I got out of the largish waves today, only to meet a ton of people on the cliff looking angrily at each other. I blurted out, get out in the water and stop intimidating! Two entire groups of people that were in this non verbal confrontation let their guard down and walked on!
Then every kid with his girlfriend or skateboard looked at me angrily while I changed. I eventually said, in a very fatherly tone, it’s OK. You don’t have to be afraid. And then they sort of lightened up. Then a whole group of separate couples came by, all seemingly suspicious of each other. So I said, we don’t have to be afraid of each other! Everyone has a heart! And they smiled.
So, I think this was good. Better than acting neurotic.
It’s like when a long boarder takes your wave. Or like when I met Stacey.
The short boarder gets a wave. And rides it well.
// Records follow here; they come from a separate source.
lemma large_of_shifted_bernstein_tail:
  fixes n \<delta> :: real
  assumes n: "3 \<le> n" and \<delta>: "0 < \<delta>"
    and tail: "2 * n\<^sup>2 * exp (- (1/4 * n * (\<delta> - 4 / n)\<^sup>2) / (1 + \<delta>)) < 1"
  shows "4 \<le> \<delta> * n" and "exp (- ((\<delta> / 2 * n - 2)\<^sup>2 / n)) < 1 / 18"
proof -
  have "18 \<le> 2 * n\<^sup>2"
    using n power_mono[of 3 n 2] by simp
  then have "18 * exp (- (1/4 * n * (\<delta> - 4 / n)\<^sup>2) / (1 + \<delta>))
      \<le> 2 * n\<^sup>2 * exp (- (1/4 * n * (\<delta> - 4 / n)\<^sup>2) / (1 + \<delta>))"
    by (rule mult_right_mono) simp
  then have "18 * exp (- (1/4 * n * (\<delta> - 4 / n)\<^sup>2) / (1 + \<delta>)) < 1"
    using tail by linarith
  moreover have "exp (- ((\<delta> / 2 * n - 2)\<^sup>2 / n)) \<le> exp (- (1/4 * n * (\<delta> - 4 / n)\<^sup>2) / (1 + \<delta>))"
    using shifted_bernstein_exponent_le[of n \<delta>] n \<delta> by simp
  ultimately show small: "exp (- ((\<delta> / 2 * n - 2)\<^sup>2 / n)) < 1 / 18"
    by linarith
  show "4 \<le> \<delta> * n"
  proof (rule ccontr)
    assume "\<not> 4 \<le> \<delta> * n"
    moreover have "0 < \<delta> * n" using \<delta> n by simp
    ultimately have "(2 - \<delta> / 2 * n)\<^sup>2 \<le> 2\<^sup>2"
      by (intro power_mono) auto
    then have "(\<delta> / 2 * n - 2)\<^sup>2 / n \<le> 2"
      using n by (simp add: power2_commute divide_le_eq)
    then have "1 / 9 \<le> exp (- ((\<delta> / 2 * n - 2)\<^sup>2 / n))"
      using exp_minus_two_ge order_trans by fastforce
    then show False
      using small by linarith
  qed
qed

lemma shifted_bernstein_exponent_le_hoeffding:
  fixes n \<delta> :: real
  assumes n: "0 < n" and \<delta>: "0 < \<delta>" and large: "4 \<le> \<delta> * n"
    and small: "exp (- ((\<delta> / 2 * n - 2)\<^sup>2 / n)) \<le> 1 / 2"
  shows "4 * n\<^sup>2 * exp (-2 * (\<delta> / 2 * n - 1)\<^sup>2 / n)
           \<le> 2 * n\<^sup>2 * exp (- (1/4 * n * (\<delta> - 4 / n)\<^sup>2) / (1 + \<delta>))"
proof -
  define Y where "Y = (\<delta> / 2 * n - 2)\<^sup>2 / n"
  have "(\<delta> / 2 * n - 2)\<^sup>2 \<le> (\<delta> / 2 * n - 1)\<^sup>2"
    using large by (intro power_mono) auto
  then have "exp (-2 * (\<delta> / 2 * n - 1)\<^sup>2 / n) \<le> exp (- Y) * exp (- Y)"
    using n by (simp add: Y_def divide_right_mono flip: exp_add)
  also have "\<dots> \<le> exp (- (1/4 * n * (\<delta> - 4 / n)\<^sup>2) / (1 + \<delta>)) * (1 / 2)"
    using shifted_bernstein_exponent_le[of n \<delta>] n \<delta> small by (intro mult_mono) (simp_all add: Y_def)
  finally show ?thesis
    using mult_left_mono[of _ _ "4 * n\<^sup>2"] by fastforce
qed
It’s the culmination of years of practice, experience, balance, and strength. Just getting up in grace is a major feat. Then slamming across the wave, reading it, keeping speed. But then, the self absorbed long bairder decides to paddle into the coming wave. His ego itself almost stops the humble, sensitive, short boarder. And that’s just the thing. The world is full of truly sensitive, truly humble people, giving up their lives for others, and constantly being trumped by egotistical idiots. And I was one of them. In order to do something great, you have to be vulnerable. And you inevitably get hit over and over by the invulnerable.